[The records]
____________
(* Let $\beta\in(0,\tfrac12)$ and $\lambda_1(\beta)=\sup\mathcal{A}_\beta$. Then $\lambda_1(\beta)$ is a principal eigenvalue of $\Delta_\beta$. Moreover, there is an eigenfunction $u:\mathbb{T}_m\to\mathbb{R}$ associated with $\lambda_1(\beta)$ such that $u(\emptyset)=1$, $u>0$ on $\mathbb{T}_m$, $\Delta_\beta u+\lambda_1(\beta)u=0$ on $\mathbb{T}_m$, $\lim_{x\to y}u(x)=0$ for all $y\in\partial\mathbb{T}_m$, and $u$ is constant on each level and decreasing with respect to the level, i.e. $u(x)=f(|x|)$ for a decreasing $f:\mathbb{N}_0\to\mathbb{R}$.
   Context: Tree: for an integer $m\ge2$, the regular $m$-branching tree $\mathbb{T}_m$ has as vertices the root $\emptyset$ and all finite sequences $(\emptyset,a_1,\dots,a_k)$, $k\in\mathbb{N}$, $a_i\in\{0,\dots,m-1\}$. The level of $x=(\emptyset,a_1,\dots,a_k)$ is $|x|=k$ ($|\emptyset|=0$). The successors of $x$ are $(x,i)$, $i\in\{0,\dots,m-1\}$; for $x\ne\emptyset$, $\hat x$ denotes its unique immediate predecessor. A branch is an infinite sequence $(x_n)_{n\ge0}$ with $x_0=\emptyset$ and $x_{n+1}$ a successor of $x_n$; $\partial\mathbb{T}_m$ is the set of branches. For $y=(x_n)\in\partial\mathbb{T}_m$, $\lim_{x\to y}u(x)=L$ means $\lim_{n\to\infty}u(x_n)=L$. Operator: for $\beta\in[0,1)$ let $p_\beta=1$ if $\beta=0$ and $p_\beta=\beta/(1-\beta)$ if $\beta\in(0,1)$. For $u:\mathbb{T}_m\to\mathbb{R}$, $\Delta_\beta u(\emptyset)=\frac1m\sum_{i=0}^{m-1}u(\emptyset,i)-u(\emptyset)$ and, for $x\ne\emptyset$, $\Delta_\beta u(x)=\big(\beta u(\hat x)+\frac{1-\beta}{m}\sum_{i=0}^{m-1}u(x,i)-u(x)\big)p_\beta^{-|x|}$. Eigenvalues: $\lambda\in\mathbb{R}$ is an eigenvalue of $\Delta_\beta$ if there is a bounded $u:\mathbb{T}_m\to\mathbb{R}$, $u\not\equiv0$, with $-\Delta_\beta u=\lambda u$ on $\mathbb{T}_m$ and $\lim_{x\to y}u(x)=0$ for every $y\in\partial\mathbb{T}_m$ ($u$ is an eigenfunction). An eigenvalue $\lambda>0$ is principal if it has a non-negative eigenfunction. The set $\mathcal{A}_\beta$: $\mathcal{A}_\beta=\{\lambda>0:\exists v:\mathbb{T}_m\to\mathbb{R}\text{ and constants }0<c<C\text{ with } c<v<C \text{ on }\mathbb{T}_m \text{ and } \Delta_\beta v+\lambda v\le0 \text{ on }\mathbb{T}_m\}$, and $\lambda_1(\beta)=\sup\mathcal{A}_\beta$. *)

theory Defs
  imports "HOL-Analysis.Analysis"
begin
____________
[Problem details] Retype nothing except the lines from the line holding "theory Defs" through the last line of the entries, both included.

[Solution to the problem]
theory Defs
  imports "HOL-Analysis.Analysis"
begin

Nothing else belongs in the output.